Sounds cool, I want to try this kind of things out, but do you have or planned to have a sandboxing environment, where the agent can try running the query in let say duckdb first to confirm its validity/result before sending it over to bq? Or use something like tablesample when developing the query to reduce cost? One more thing, how do you compare with nao ( https://github.com/getnao/nao ), it's something I've followed for a while and seem to answer similar issue as what ktx build
Thanks! ktx maintainer here, related to the queries sandbox question, we're attacking this problem from a different angle: instead of catching bad queries at runtime we try to make it impossible to generate a bad query. ktx allows agents to generate semantic queries (declarative json) and takes care of translating it to the correct SQL with the help of the join graph that it builds during the data source ingestion (dijkstra path finding + fan-out handling etc.). So the agent doesn't need to think "how" it needs to query the data, it just says "what" it wants and ktx builds queries. Also the join graph allows you combining raw tables and high level ktx metrics.

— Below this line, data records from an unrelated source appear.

text \<open>Suppose \<open>t\<close> were an S-combinator of \<open>\<langle>N', *', t, u\<rangle>\<close>. Fresh variables \<open>x, y, z\<close> lie
  in \<open>N'\<close> and \<open>t *' x *' y *' z = xz(yz)\<close>, so \<open>t x y z\<close> reduces to \<open>xz(yz)\<close>; substituting
  for the fresh variables gives \<open>t m n p \<twoheadrightarrow> mp(np)\<close> for all terms. As \<open>i a \<twoheadrightarrow> a\<close>
  and \<open>d a \<twoheadrightarrow> \<omega>\<omega>\<close>, this yields \<open>t i d a \<twoheadrightarrow> a(\<omega>\<omega>)\<close>, while the S-axiom forces
  \<open>e = t *' i *' d\<close> to exist in \<open>N'\<close>. If \<open>e = d\<close>, then \<open>t i d (k i)\<close> reduces both to the
  normal form \<open>i\<close> and to \<open>\<omega>\<omega>\<close>, which has no normal form. If \<open>e \<in> L\<close>, then for \<open>z\<close> fresh
  for \<open>e\<close> the normal form of \<open>e z\<close> would be a normal reduct of \<open>z(\<omega>\<omega>)\<close>, impossible
  again. Both contradictions rest on confluence of CL, proved via parallel reduction.\<close>

section \<open>Confluence of CL\<close>

lemma cl_steps_app_left: "cl_step\<^sup>*\<^sup>* m m' \<Longrightarrow> cl_step\<^sup>*\<^sup>* (CApp m n) (CApp m' n)"
  by (induction rule: rtranclp_induct) (auto intro: rtranclp.rtrancl_into_rtrancl cl_step.app_left)

lemma cl_steps_app_right: "cl_step\<^sup>*\<^sup>* n n' \<Longrightarrow> cl_step\<^sup>*\<^sup>* (CApp m n) (CApp m n')"
  by (induction rule: rtranclp_induct) (auto intro: rtranclp.rtrancl_into_rtrancl cl_step.app_right)

lemma cl_steps_app:
  "cl_step\<^sup>*\<^sup>* m m' \<Longrightarrow> cl_step\<^sup>*\<^sup>* n n' \<Longrightarrow> cl_step\<^sup>*\<^sup>* (CApp m n) (CApp m' n')"
  by (meson cl_steps_app_left cl_steps_app_right rtranclp_trans)

inductive par :: "'v cterm \<Rightarrow> 'v cterm \<Rightarrow> bool" where
  par_var: "par (CVar x) (CVar x)"
| par_S: "par CS CS"
| par_K: "par CK CK"
| par_app: "par m m' \<Longrightarrow> par n n' \<Longrightarrow> par (CApp m n) (CApp m' n')"
| par_s_rule: "par x x' \<Longrightarrow> par y y' \<Longrightarrow> par z z' \<Longrightarrow>
    par (CApp (CApp (CApp CS x) y) z) (CApp (CApp x' z') (CApp y' z'))"
| par_k_rule: "par x x' \<Longrightarrow> par (CApp (CApp CK x) y) x'"

lemma par_refl: "par m m"
  by (induction m) (auto intro: par.intros)

lemma cl_step_imp_par: "cl_step m n \<Longrightarrow> par m n"
  by (induction rule: cl_step.induct) (auto intro: par.intros par_refl)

On nao: it's solving an adjacent but different problem, it's a full analytics app, whereas we believe that the general purpose agents (e.g. Claude Desktop) are getting better at the representation layer generating widgets and that's where people work anyway. What these agents need is a solid foundation - this is what we're focusing on. ktx isn't an agent or UI, it's an executable institutional knowledge that keeps any analyst (nao, Claude, Codex, your own agent) from guessing which table is canonical or which join is safe.